From 1952 on, his further posts were at the ministry in Ankara, where he filled several executive positions becoming finally Secretary General of the ministry in 1957.

On February 17, 1959, Esenbel, in his capacity as the Secretary General of the Ministry of Foreign Affairs, accompanied Prime minister Adnan Menderes (in office 1950-1960), who was on the way to London, UK, to sign the London Agreement on the Cyprus issue with British Prime Minister Harold Macmillan and Greek Prime Minister Constantine Karamanlis. The charter flight of the Turkish Airlines carrying eight crew and a delegation of 18 government officials from Ankara via Istanbul and Rome, Italy, to London was diverted to Gatwick Airport due to poor visibility at Heathrow.
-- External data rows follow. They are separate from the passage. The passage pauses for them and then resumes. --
lemma higher_jacobi_replaced_pair:
  assumes F: "orthonormal_family G (Suc k) F" and "rinner G w w \<noteq> 0"
  defines "e \<equiv> \<lambda>i. if i = 0 then (1 / sqrt \<bar>rinner G w w\<bar>) *\<^sub>R w else F (Suc i)"
  shows "of_real_mat (higher_jacobi G R k e)
    = mat_scale (1 / of_real (rinner G w w)) (cjacobi G R (of_real_vec w))
      + (\<Sum>i\<in>{1..<k}. mat_scale (of_real (rinner G (F (Suc i)) (F (Suc i)))) (cjacobi G R (of_real_vec (F (Suc i)))))"
proof -
  let ?r = "rinner G w w"
  let ?c = "1 / sqrt \<bar>?r\<bar>"
  have "(complex_of_real (sqrt \<bar>?r\<bar>))\<^sup>2 = of_real \<bar>?r\<bar>"
    by (simp flip: of_real_power)
  then have "complex_of_real (sgn ?r) * (1 / complex_of_real (sqrt \<bar>?r\<bar>))\<^sup>2 = 1 / of_real ?r"
    using \<open>?r \<noteq> 0\<close> by (simp add: power_divide sgn_if)
  then have first: "mat_scale (of_real (rinner G (?c *\<^sub>R w) (?c *\<^sub>R w))) (cjacobi G R (of_real_vec (?c *\<^sub>R w)))
      = mat_scale (1 / of_real ?r) (cjacobi G R (of_real_vec w))"
    using rinner_normalized[OF \<open>?r \<noteq> 0\<close>]
    by (simp add: of_real_vec_scaleR cjacobi_scale mat_scale_mat_scale)
  have "{..<k} = insert 0 {1..<k}"
    using k_pos by auto
  then show ?thesis
    unfolding of_real_mat_higher_jacobi by (simp add: first e_def)
qed

lemma charpoly_roots_replaced_pair:
  assumes F: "orthonormal_family G (Suc k) F"
    and w: "\<And>l. 2 \<le> l \<Longrightarrow> l \<le> k \<Longrightarrow> rinner G w (F l) = 0" and "rinner G w w \<noteq> 0"
  shows "{\<mu>. charpoly (mat_scale (1 / of_real (rinner G w w)) (cjacobi G R (of_real_vec w))
      + (\<Sum>i\<in>{1..<k}. mat_scale (of_real (rinner G (F (Suc i)) (F (Suc i))))
          (cjacobi G R (of_real_vec (F (Suc i)))))) \<mu> = 0} = S"
  using charpoly_roots_higher_jacobi[OF orthonormal_family_replace_first_two[OF assms]]
  by (simp add: higher_jacobi_replaced_pair[OF F \<open>rinner G w w \<noteq> 0\<close>])

lemma charpoly_cjacobi_orthonormal_pencil:
  assumes uv: "rinner G u v = 0" and u: "\<bar>rinner G u u\<bar> = 1" and v: "\<bar>rinner G v v\<bar> = 1"
    and t0: "of_real (rinner G u u) + t0\<^sup>2 * of_real (rinner G v v) = 0"
  shows "charpoly (cjacobi G R (of_real_vec u + t0 *s of_real_vec v)) = (\<lambda>\<mu>. \<mu> ^ CARD('n))"
proof -
  obtain F where F: "orthonormal_family G (Suc k) F" and F01: "F 0 = u" "F (Suc 0) = v"
    using orthonormal_pair_extend[OF uv u v, of "Suc k"] k_pos k_less by auto
  define q where "q t = of_real (rinner G u u) + t\<^sup>2 * of_real (rinner G v v)" for t :: complex
  have q_real: "q (of_real s) = of_real (rinner G (u + s *\<^sub>R v) (u + s *\<^sub>R v))" for s
    by (simp add: q_def rinner_orthogonal_pencil[OF uv])
  note nonnull = rinner_orthonormal_pencil_nonzero[OF uv u v]
  have orth: "rinner G (u + s *\<^sub>R v) (F l) = 0" if "2 \<le> l" "l \<le> k" for s l
  proof -
    have "rinner G (F 0) (F l) = 0" "rinner G (F (Suc 0)) (F l) = 0"
      using F that unfolding orthonormal_family_def by auto
    then show ?thesis
      by (simp add: F01 rinner_add_left rinner_scaleR_left)
  qed
  show ?thesis
  proof (rule charpoly_eq_monomial_at_zero_of_pencil)
    show "(\<lambda>t. cjacobi G R (of_real_vec u + t *s of_real_vec v) $ i $ j) holomorphic_on UNIV" for i j
      by (rule holomorphic_on_cjacobi) (simp add: holomorphic_intros)
    show "q holomorphic_on UNIV"
      unfolding q_def by (simp add: holomorphic_intros)
    show "q t0 = 0"
      using t0 by (simp add: q_def)
    fix t assume "t \<in> complex_of_real ` {0<..<1}"
    then obtain s where s: "s \<in> {0<..<1}" "t = of_real s"
      by blast
    then show "q t \<noteq> 0"
      using nonnull q_real by simp
    have "of_real_vec u + t *s of_real_vec v = of_real_vec (u + s *\<^sub>R v)"
      by (simp add: s of_real_vec_add of_real_vec_scaleR)
    then show "{\<mu>. charpoly (mat_scale (1 / q t) (cjacobi G R (of_real_vec u + t *s of_real_vec v))
        + (\<Sum>i\<in>{1..<k}. mat_scale (of_real (rinner G (F (Suc i)) (F (Suc i))))
          (cjacobi G R (of_real_vec (F (Suc i)))))) \<mu> = 0} = S"
      using charpoly_roots_replaced_pair[OF F orth nonnull[OF s(1)]] by (simp add: q_real s)
  qed
qed


lemma charpoly_cjacobi_orthogonal_equal_norms:
  assumes ab: "rinner G a a = rinner G b b" "rinner G a b = 0" and "rinner G a a \<noteq> 0"
  shows "charpoly (cjacobi G R (of_real_vec a + \<i> *s of_real_vec b)) = (\<lambda>\<mu>. \<mu> ^ CARD('n))"
proof -
  let ?r = "rinner G a a"
  let ?c = "1 / sqrt \<bar>?r\<bar>"
  have "rinner G (?c *\<^sub>R a) (?c *\<^sub>R a) = sgn ?r" "rinner G (?c *\<^sub>R b) (?c *\<^sub>R b) = sgn ?r"
    using rinner_normalized[of a] rinner_normalized[of b] ab \<open>?r \<noteq> 0\<close> by simp_all
  moreover have "rinner G (?c *\<^sub>R a) (?c *\<^sub>R b) = 0"
    using ab by (simp add: rinner_scaleR_left rinner_scaleR_right)
  ultimately have "charpoly (cjacobi G R (of_real_vec (?c *\<^sub>R a) + \<i> *s of_real_vec (?c *\<^sub>R b)))
      = (\<lambda>\<mu>. \<mu> ^ CARD('n))"
    using \<open>?r \<noteq> 0\<close> by (intro charpoly_cjacobi_orthonormal_pencil) (simp_all add: abs_sgn)
  then have "charpoly (cjacobi G R (of_real (sqrt \<bar>?r\<bar>) *s
      (of_real_vec (?c *\<^sub>R a) + \<i> *s of_real_vec (?c *\<^sub>R b)))) = (\<lambda>\<mu>. \<mu> ^ CARD('n))"
    by (rule charpoly_cjacobi_scale) (simp add: \<open>?r \<noteq> 0\<close>)
  moreover have "of_real_vec a + \<i> *s of_real_vec b
      = of_real (sqrt \<bar>?r\<bar>) *s (of_real_vec (?c *\<^sub>R a) + \<i> *s of_real_vec (?c *\<^sub>R b))"
    using \<open>?r \<noteq> 0\<close>
    by (simp add: of_real_vec_scaleR Finite_Cartesian_Product.vec_eq_iff algebra_simps flip: of_real_mult)
  ultimately show ?thesis
    by simp
qed

lemma charpoly_cjacobi_real_null:
  assumes "rinner G v v = 0" and "v \<noteq> 0"
  shows "charpoly (cjacobi G R (of_real_vec v)) = (\<lambda>\<mu>. \<mu> ^ CARD('n))"
proof -
  obtain w where w: "rinner G w w = 0" "rinner G v w = 1"
    using exists_null_partner[OF assms] by blast
  let ?f0 = "v + (1/2) *\<^sub>R w" and ?f1 = "v - (1/2) *\<^sub>R w"
  have "rinner G ?f0 ?f0 = 1" "rinner G ?f1 ?f1 = -1" "rinner G ?f0 ?f1 = 0"
    using assms(1) w rinner_commute[of w v] by (simp_all add: rinner_simps)
  then have "charpoly (cjacobi G R (of_real_vec ?f0 + 1 *s of_real_vec ?f1)) = (\<lambda>\<mu>. \<mu> ^ CARD('n))"
    by (intro charpoly_cjacobi_orthonormal_pencil) simp_all
  then have "charpoly (cjacobi G R ((1/2) *s (of_real_vec ?f0 + 1 *s of_real_vec ?f1))) = (\<lambda>\<mu>. \<mu> ^ CARD('n))"
    by (rule charpoly_cjacobi_scale) simp
  moreover have "of_real_vec v = (1/2 :: complex) *s (of_real_vec ?f0 + 1 *s of_real_vec ?f1)"
    by (simp add: of_real_vec_def Finite_Cartesian_Product.vec_eq_iff algebra_simps)
  ultimately show ?thesis
    by (simp only:)
qed

text \<open>A totally null pair is the limit \<open>s \<rightarrow> 0\<close> of the orthogonal pairs \<open>a + s c', b + s d'\<close>
  of equal norm \<open>2s\<close>, where \<open>c', d'\<close> is a null frame dual to \<open>a, b\<close>.\<close>
lemma charpoly_cjacobi_totally_null_pair:
  assumes aa: "rinner G a a = 0" and bb: "rinner G b b = 0" and ab: "rinner G a b = 0"
    and indep: "\<And>l m. l *\<^sub>R a + m *\<^sub>R b = 0 \<Longrightarrow> l = 0 \<and> m = 0"
  shows "charpoly (cjacobi G R (of_real_vec a + \<i> *s of_real_vec b)) = (\<lambda>\<mu>. \<mu> ^ CARD('n))"
proof
  fix \<mu>
  obtain c where c: "rinner G c a = 1" "rinner G c b = 0"
    using exists_rinner_dual[OF indep] by blast
  obtain d where d: "rinner G d b = 1" "rinner G d a = 0"
    using exists_rinner_dual[of b a] indep by (metis add.commute)
  define c' where "c' = c - (rinner G c c / 2) *\<^sub>R a - rinner G c d *\<^sub>R b"
  define d' where "d' = d - (rinner G d d / 2) *\<^sub>R b"
  have sym: "rinner G a c = 1" "rinner G b c = 0" "rinner G b d = 1" "rinner G a d = 0"
    "rinner G b a = 0" "rinner G d c = rinner G c d"
    using c d ab rinner_commute by metis+
  have frame: "rinner G a c' = 1" "rinner G c' a = 1" "rinner G b c' = 0" "rinner G c' b = 0"
    "rinner G a d' = 0" "rinner G d' a = 0" "rinner G b d' = 1" "rinner G d' b = 1"
    "rinner G c' c' = 0" "rinner G d' d' = 0" "rinner G c' d' = 0"
    unfolding c'_def d'_def using aa bb ab c d sym by (simp_all add: rinner_simps algebra_simps)
  define x where "x = of_real_vec a + \<i> *s of_real_vec b"
  define y where "y = of_real_vec c' + \<i> *s of_real_vec d'"
  have "charpoly (cjacobi G R (x + t *s y)) \<mu> = \<mu> ^ CARD('n)" for t
  proof (rule entire_eq_if_eq_on_unit_interval[where f = "\<lambda>t. charpoly (cjacobi G R (x + t *s y)) \<mu>"])
    show "(\<lambda>t. charpoly (cjacobi G R (x + t *s y)) \<mu>) holomorphic_on UNIV"
      by (intro holomorphic_on_charpoly holomorphic_on_cjacobi) (simp add: holomorphic_intros)
    fix s :: real assume "s \<in> {0<..<1}"
    have "rinner G (a + s *\<^sub>R c') (a + s *\<^sub>R c') = 2 * s" "rinner G (b + s *\<^sub>R d') (b + s *\<^sub>R d') = 2 * s"
      "rinner G (a + s *\<^sub>R c') (b + s *\<^sub>R d') = 0"
      using aa bb ab frame by (simp_all add: rinner_simps)
    then have "charpoly (cjacobi G R (of_real_vec (a + s *\<^sub>R c') + \<i> *s of_real_vec (b + s *\<^sub>R d')))
        = (\<lambda>\<mu>. \<mu> ^ CARD('n))"
      using \<open>s \<in> {0<..<1}\<close> by (intro charpoly_cjacobi_orthogonal_equal_norms) simp_all
    moreover have "of_real_vec (a + s *\<^sub>R c') + \<i> *s of_real_vec (b + s *\<^sub>R d') = x + of_real s *s y"
      by (simp add: x_def y_def of_real_vec_def Finite_Cartesian_Product.vec_eq_iff algebra_simps)
    ultimately show "charpoly (cjacobi G R (x + of_real s *s y)) \<mu> = \<mu> ^ CARD('n)"
      by simp
  qed (simp add: holomorphic_intros)
  from this[of 0] show "charpoly (cjacobi G R (of_real_vec a + \<i> *s of_real_vec b)) \<mu> = \<mu> ^ CARD('n)"
    by (simp add: x_def)
qed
The aircraft of type Vickers Viscount crashed in a wood during its final approach to land in extensive fog, and caught fire. Five of the crew and nine of the passengers died in the crash while Melih Esenbel was among the survivors with light injuries only. The prime minister survived without any injury.

Career
In 1960, he served as Ambassador to Washington, D.C. from March 24 to October 28. Returned to Turkey, Esenbel became High Counselor to the Secretary General on December 1, 1960.

Esenbel's next foreign position took him to Tokyo, Japan, where he acted as ambassador from January 1, 1963 to January 1, 1966. On January 9, 1967, he was appointed the second time to the Embassy in the USA serving at this post until November 1, 1974.

Prime minister Sadi Irmak, who was tasked by President Fahri Korutürk with forming of a caretaker government, appointed Melih Esenbel as Minister of Foreign Affairs. He served at this post from November 13, 1974 until March 30, 1975, the resignation of the cabinet due to a vote of no confidence in the parliament.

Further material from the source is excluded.